5. IAC mengajukan beberapa tuntutan kepada pemerintah yang harus segera dilakukan

ODHA Terancam Tidak Bisa Konsumsi ARV Mulai 5,9 Bulan ke Depanunsplash.com/benhershey

Karena itu Indonesia AIDS Coalition yang merupakan bagian dari komunitas HIV, meminta pemerintah untuk segera melakukan pengadaan ARV dengan dana yang bersumber dari Anggaran Pendapatan Belanja Negara (APBN), khususnya yang sudah tercantum di e-katalog. Sehingga mencegah kekosongan obat.

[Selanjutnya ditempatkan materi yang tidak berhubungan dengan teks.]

(* A matrix fixing the frame is scalar: it is diagonal since it fixes the axes,
  with equal diagonal entries since it fixes the line through (1,...,1). *)
lemma frame_stabiliser_is_scalar:
  fixes h :: "real^'n::finite^'n"
  assumes "map (act_line h) frame = frame"
  obtains m where "h = mat m"
proof -
  have fixed: "act_line h (frame ! k) = frame ! k" if "k < CARD('n) + 1" for k
    using assms that by (metis length_frame nth_map)
  have off_diagonal: "h $ d $ c = 0" if "d \<noteq> c" for c d
  proof -
    obtain l where "h *v axis c 1 = l *\<^sub>R axis c 1"
      using fixed[of "Suc (to_nat_on UNIV c)"] to_nat_on_UNIV_less[of c]
      by (auto simp: frame_nth_coordinate elim: eigenvector_of_fixed_line)
    then have "(h *v axis c 1) $ d = 0" using that by (simp add: axis_def)
    then show ?thesis by (simp add: matrix_vector_mult_basis column_def)
  qed
  obtain m where m: "h *v vec 1 = m *\<^sub>R vec 1"
    using fixed[of 0] by (auto simp: frame_nth_0 elim: eigenvector_of_fixed_line)
  have "h $ d $ d = m" for d
  proof -
    have "(h *v vec 1) $ d = (\<Sum>j\<in>UNIV. h $ d $ j)" by (simp add: matrix_vector_mult_def)
    also have "\<dots> = h $ d $ d"
      by (subst sum.remove[of _ d]) (auto simp: off_diagonal intro!: sum.neutral)
    finally show ?thesis using m by simp
  qed
  then have "h = mat m" by (simp add: vec_eq_iff mat_def off_diagonal)
  then show thesis by (rule that)
qed

lemma det_mat: "det (mat m :: 'a::comm_ring_1^'n::finite^'n) = m ^ CARD('n)"
  by (subst det_diagonal) (simp_all add: mat_def)

(* For even n, scalar matrices m I have determinant m^n > 0; this is where
  evenness enters. *)
lemma frame_stabiliser_preserves_orientation:
  fixes h :: "real^'n::finite^'n"
  assumes even: "even CARD('n)" and "invertible h" and "map (act_line h) frame = frame"
  shows "eps h = 1"
proof -
  obtain m where h: "h = mat m" using frame_stabiliser_is_scalar assms(3) by blast
  have "det h \<noteq> 0" using assms(2) by (simp add: invertible_det_nz)
  then have "m \<noteq> 0" by (simp add: h det_mat)
  then have "det h > 0" using even by (simp add: h det_mat zero_less_power_eq)
  then show ?thesis by (simp add: eps_def)
qed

Selain itu juga penguatan kebijakan Test and Start bagi ODHA, khususnya di wilayah-wilayah High Burden. Di mana ODHA begitu tahu punya HIV, agar segera dimotivasi untuk memulai pengobatan ARV. ARV yang ramah pasien seperti Dolutegravir adalah sebuah kebutuhan mutlak, dan harus segera diadakan sesuai dengan pedoman WHO terbaru.

Program AIDS tanpa pelibatan komunitas adalah sebuah hal yang mustahil. Pendanaan bagi LSM (Lembaga Swadaya Masyarakat) dari dana domestik menjadi keharusan. Mereka juga memiliki tugas untuk mengurangi tingkat stigma dan diskriminasi, serta melindungi harkat martabat komunitas terdampak AIDS melalui penyusunan kebijakan anti diskriminasi, serta kampanye publik secara massif.

Pihaknya juga meminta pemerintah untuk melakukan evaluasi secara menyeluruh program  penanggulangan AIDS. Termasuk kebijakan, perangkat dan pembiayaan guna mendukung program penanggulangan AIDS yang berbasis pada penerima manfaat.